Acousto-optic cryptosystem based on dynamic DNA encoding and hyperchaotic system in gyrator domains

Abstract

Traditional encryption algorithms like DES suffer from the issue of key length (128 bits to 256 bits) and the inconvenience of memorization. Users typically store keys in a file or device, or even directly on a computer hard drive, releasing the key through a relatively easy-to-remember passphrase. Addressing these issues, this paper proposes a novel remote sensing image encryption system based on a hybrid model incorporating a 4D Lorenz chaotic system, Gyrator transform, Acousto-optic Conversion system, and dynamic DNA encoding.
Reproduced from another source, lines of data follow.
lemma card_fds_hom_iso:
  assumes "fds_iso Y Z" "is_fds Y" "is_fds Z" "is_fds C"
  shows "card (fds_hom C Y) = card (fds_hom C Z)"
  using card_fds_hom_le_if_iso[OF assms(1,4,3)] card_fds_hom_le_if_iso[OF fds_iso_sym[OF assms(2,1)] assms(4,2)]
  by (rule antisym)

lemma card_fds_hom_prod:
  assumes C: "is_fds C"
  shows "card (fds_hom C (fds_prod X Y)) = card (fds_hom C X) * card (fds_hom C Y)"
proof -
  let ?F = "\<lambda>h. (restrict (\<lambda>x. fst (prod_decode (h x))) (fst C),
                 restrict (\<lambda>x. snd (prod_decode (h x))) (fst C))"
  let ?G = "\<lambda>(k1, k2). restrict (\<lambda>x. prod_encode (k1 x, k2 x)) (fst C)"
  have "bij_betw ?F (fds_hom C (fds_prod X Y)) (fds_hom C X \<times> fds_hom C Y)"
  proof (rule bij_betw_byWitness[where f'="?G"])
    show "\<forall>h\<in>fds_hom C (fds_prod X Y). ?G (?F h) = h"
      by (auto intro!: extensionalityI[OF _ fds_homD(3)])
    show "\<forall>k\<in>fds_hom C X \<times> fds_hom C Y. ?F (?G k) = k"
      by (auto intro!: extensionalityI[OF _ fds_homD(3)])
    show "?F ` fds_hom C (fds_prod X Y) \<subseteq> fds_hom C X \<times> fds_hom C Y"
    proof
      fix p assume "p \<in> ?F ` fds_hom C (fds_prod X Y)"
      then obtain h where h: "h \<in> fds_hom C (fds_prod X Y)" "p = ?F h" by blast
      have "fst (prod_decode (h x)) \<in> fst X \<and> snd (prod_decode (h x)) \<in> fst Y" if "x \<in> fst C" for x
        using fds_homD(1)[OF h(1) that] unfolding fds_prod_def by auto
      moreover have "h (snd C x) = prod_encode (snd X (fst (prod_decode (h x))), snd Y (snd (prod_decode (h x))))"
        if "x \<in> fst C" for x
        using fds_homD(2)[OF h(1) that] unfolding fds_prod_def by (simp split: prod.splits)
      ultimately show "p \<in> fds_hom C X \<times> fds_hom C Y"
        unfolding h(2) fds_hom_def using is_fdsD[OF C] by (auto simp: PiE_def Pi_def)
    qed
    show "?G ` (fds_hom C X \<times> fds_hom C Y) \<subseteq> fds_hom C (fds_prod X Y)"
      using is_fdsD[OF C] unfolding fds_hom_def fds_prod_def by (auto simp: PiE_def Pi_def)
  qed
  then show ?thesis
    by (simp add: bij_betw_same_card card_cartesian_product)
qed

lemma card_fds_hom_one: "is_fds C \<Longrightarrow> card (fds_hom C fds_one) = 1"
proof -
  assume "is_fds C"
  then have "fds_hom C fds_one = {restrict (\<lambda>_. 0) (fst C)}"
    unfolding fds_hom_def fds_one_def is_fds_def by (auto simp: PiE_def Pi_def extensional_def)
  then show ?thesis by simp
qed

lemma card_fds_hom_pow: "is_fds C \<Longrightarrow> card (fds_hom C (fds_pow X n)) = card (fds_hom C X) ^ n"
  by (induction n) (auto simp: card_fds_hom_one card_fds_hom_prod)

lemma fds_hom_zero: "fst C \<noteq> {} \<Longrightarrow> fds_hom C fds_zero = {}"
  unfolding fds_hom_def fds_zero_def by auto

lemma fds_hom_empty: "fst C = {} \<Longrightarrow> fds_hom C X = {\<lambda>_. undefined}"
  unfolding fds_hom_def by simp

definition fds_invariant :: "fds \<Rightarrow> nat set \<Rightarrow> bool" where
  "fds_invariant C S \<longleftrightarrow> S \<subseteq> fst C \<and> (\<forall>x\<in>S. snd C x \<in> S)"

definition fds_connected :: "fds \<Rightarrow> bool" where
  "fds_connected C \<longleftrightarrow> fst C \<noteq> {} \<and> (\<forall>S. fds_invariant C S \<longrightarrow> fds_invariant C (fst C - S)
      \<longrightarrow> S = {} \<or> S = fst C)"

lemma card_fds_hom_into_embedded:
  assumes C: "is_fds C" and d: "\<And>y. d (e y) = y"
    and e: "e ` fst X \<subseteq> fst Z" "\<And>y. y \<in> fst X \<Longrightarrow> snd Z (e y) = e (snd X y)"
  shows "card {h \<in> fds_hom C Z. \<forall>x\<in>fst C. h x \<in> e ` fst X} = card (fds_hom C X)"
proof -
  let ?F = "\<lambda>h. restrict (d \<circ> h) (fst C)"
  let ?G = "\<lambda>k. restrict (e \<circ> k) (fst C)"
  have "bij_betw ?F {h \<in> fds_hom C Z. \<forall>x\<in>fst C. h x \<in> e ` fst X} (fds_hom C X)"
  proof (rule bij_betw_byWitness[where f'="?G"])
    show "\<forall>h\<in>{h \<in> fds_hom C Z. \<forall>x\<in>fst C. h x \<in> e ` fst X}. ?G (?F h) = h"
      using d by (fastforce intro!: extensionalityI[OF _ fds_homD(3)])
    show "\<forall>k\<in>fds_hom C X. ?F (?G k) = k"
      using d by (auto intro!: extensionalityI[OF _ fds_homD(3)])
    show "?F ` {h \<in> fds_hom C Z. \<forall>x\<in>fst C. h x \<in> e ` fst X} \<subseteq> fds_hom C X"
    proof
      fix k assume "k \<in> ?F ` {h \<in> fds_hom C Z. \<forall>x\<in>fst C. h x \<in> e ` fst X}"
      then obtain h where h: "h \<in> fds_hom C Z" "\<forall>x\<in>fst C. h x \<in> e ` fst X" "k = ?F h"
        by blast
      have "d (h (snd C x)) = snd X (d (h x))" if "x \<in> fst C" for x
        using h(2) fds_homD(2)[OF h(1) that] e(2) d that by fastforce
      then show "k \<in> fds_hom C X"
        using h(2,3) d is_fdsD[OF C] unfolding fds_hom_def by auto
    qed
    show "?G ` fds_hom C X \<subseteq> {h \<in> fds_hom C Z. \<forall>x\<in>fst C. h x \<in> e ` fst X}"
      using e is_fdsD[OF C] unfolding fds_hom_def by (auto simp: PiE_def Pi_def)
  qed
  then show ?thesis
    by (rule bij_betw_same_card)
qed

lemma card_fds_hom_sum:
  assumes C: "is_fds C" and conn: "fds_connected C" and X: "is_fds X" and Y: "is_fds Y"
  shows "card (fds_hom C (fds_sum X Y)) = card (fds_hom C X) + card (fds_hom C Y)"
proof -
  let ?H = "fds_hom C (fds_sum X Y)"
  let ?L = "{h \<in> ?H. \<forall>x\<in>fst C. h x \<in> (\<lambda>y. 2 * y) ` fst X}"
  let ?R = "{h \<in> ?H. \<forall>x\<in>fst C. h x \<in> (\<lambda>y. 2 * y + 1) ` fst Y}"
  have "?H = ?L \<union> ?R"
  proof (intro equalityI subsetI)
    fix h assume h: "h \<in> ?H"
    let ?S = "{x \<in> fst C. even (h x)}"
    have parity: "even (h (snd C x)) \<longleftrightarrow> even (h x)" if "x \<in> fst C" for x
      using fds_homD(2)[OF h that] unfolding fds_sum_def by simp
    have "fds_invariant C ?S" "fds_invariant C (fst C - ?S)"
      using parity is_fdsD[OF C] unfolding fds_invariant_def by auto
    then consider "\<forall>x\<in>fst C. even (h x)" | "\<forall>x\<in>fst C. odd (h x)"
      using conn unfolding fds_connected_def by blast
    moreover have "(even (h x) \<longrightarrow> h x \<in> (\<lambda>y. 2 * y) ` fst X)
        \<and> (odd (h x) \<longrightarrow> h x \<in> (\<lambda>y. 2 * y + 1) ` fst Y)" if "x \<in> fst C" for x
      using fds_homD(1)[OF h that] unfolding fds_sum_def by auto
    ultimately show "h \<in> ?L \<union> ?R"
      using h by cases blast+
  qed auto
  moreover have "?L \<inter> ?R = {}"
  proof -
    obtain x where "x \<in> fst C"
      using conn unfolding fds_connected_def by blast
    moreover have "n \<notin> (\<lambda>y. 2 * y) ` fst X \<inter> (\<lambda>y. 2 * y + 1) ` fst Y" for n :: nat
      using double_not_eq_Suc_double by auto
    ultimately show ?thesis
      by blast
  qed
  moreover have "card ?L = card (fds_hom C X)"
    by (rule card_fds_hom_into_embedded[OF C, where d = "\<lambda>n. n div 2"]) (auto simp: fds_sum_def)
  moreover have "card ?R = card (fds_hom C Y)"
    by (rule card_fds_hom_into_embedded[OF C, where d = "\<lambda>n. n div 2"]) (auto simp: fds_sum_def)
  moreover have "finite ?H"
    using finite_fds_hom[OF C is_fds_sum[OF X Y]] .
  ultimately show ?thesis
    using card_Un_disjoint[of ?L ?R] by simp
qed

primrec nat_poly_from :: "nat \<Rightarrow> nat list \<Rightarrow> nat \<Rightarrow> nat" where
  "nat_poly_from i [] t = 0"
| "nat_poly_from i (c # cs) t = c * t ^ i + nat_poly_from (Suc i) cs t"

lemma nat_poly_from_mono: "t \<le> t' \<Longrightarrow> nat_poly_from i cs t \<le> nat_poly_from i cs t'"
  by (induction cs arbitrary: i) (auto intro!: add_mono mult_left_mono power_mono)

lemma nat_poly_from_strict_mono:
  "t < t' \<Longrightarrow> k < length cs \<Longrightarrow> 0 < cs ! k \<Longrightarrow> 1 \<le> i + k
    \<Longrightarrow> nat_poly_from i cs t < nat_poly_from i cs t'"
proof (induction cs arbitrary: i k)
  case Nil
  then show ?case by simp
next
  case (Cons c cs)
  show ?case
  proof (cases k)
    case 0
    then have "c * t ^ i < c * t' ^ i"
      using Cons.prems by (simp add: power_strict_mono)
    then show ?thesis
      using nat_poly_from_mono[OF less_imp_le[OF Cons.prems(1)]] by (simp add: add_less_le_mono)
  next
    case (Suc k')
    then have "nat_poly_from (Suc i) cs t < nat_poly_from (Suc i) cs t'"
      using Cons.prems by (intro Cons.IH) auto
    moreover have "c * t ^ i \<le> c * t' ^ i"
      using Cons.prems(1) by (simp add: power_mono)
    ultimately show ?thesis
      by (simp add: add_le_less_mono)
  qed
qed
Firstly, the original image is scrambled using a 4D Lorenz mapping function. Subsequently, employing an Acousto-optic modulation algorithm, audio information is fitted into image information and serves as part of the encryption system key, significantly enhancing the correlation between the key and the user. Then, employing a dynamic DNA encoding algorithm, the image is encoded using eight different DNA encryption schemes and three distinct computational rules, achieving an exponential expansion of the key space with minimal computational overhead. Finally, through comparative analysis, the Gyrator transform, demonstrating superior performance, is selected to further encrypt remote sensing image data, expanding the key space. The proposed remote sensing image encryption system exhibits high security performance and robustness against various attacks.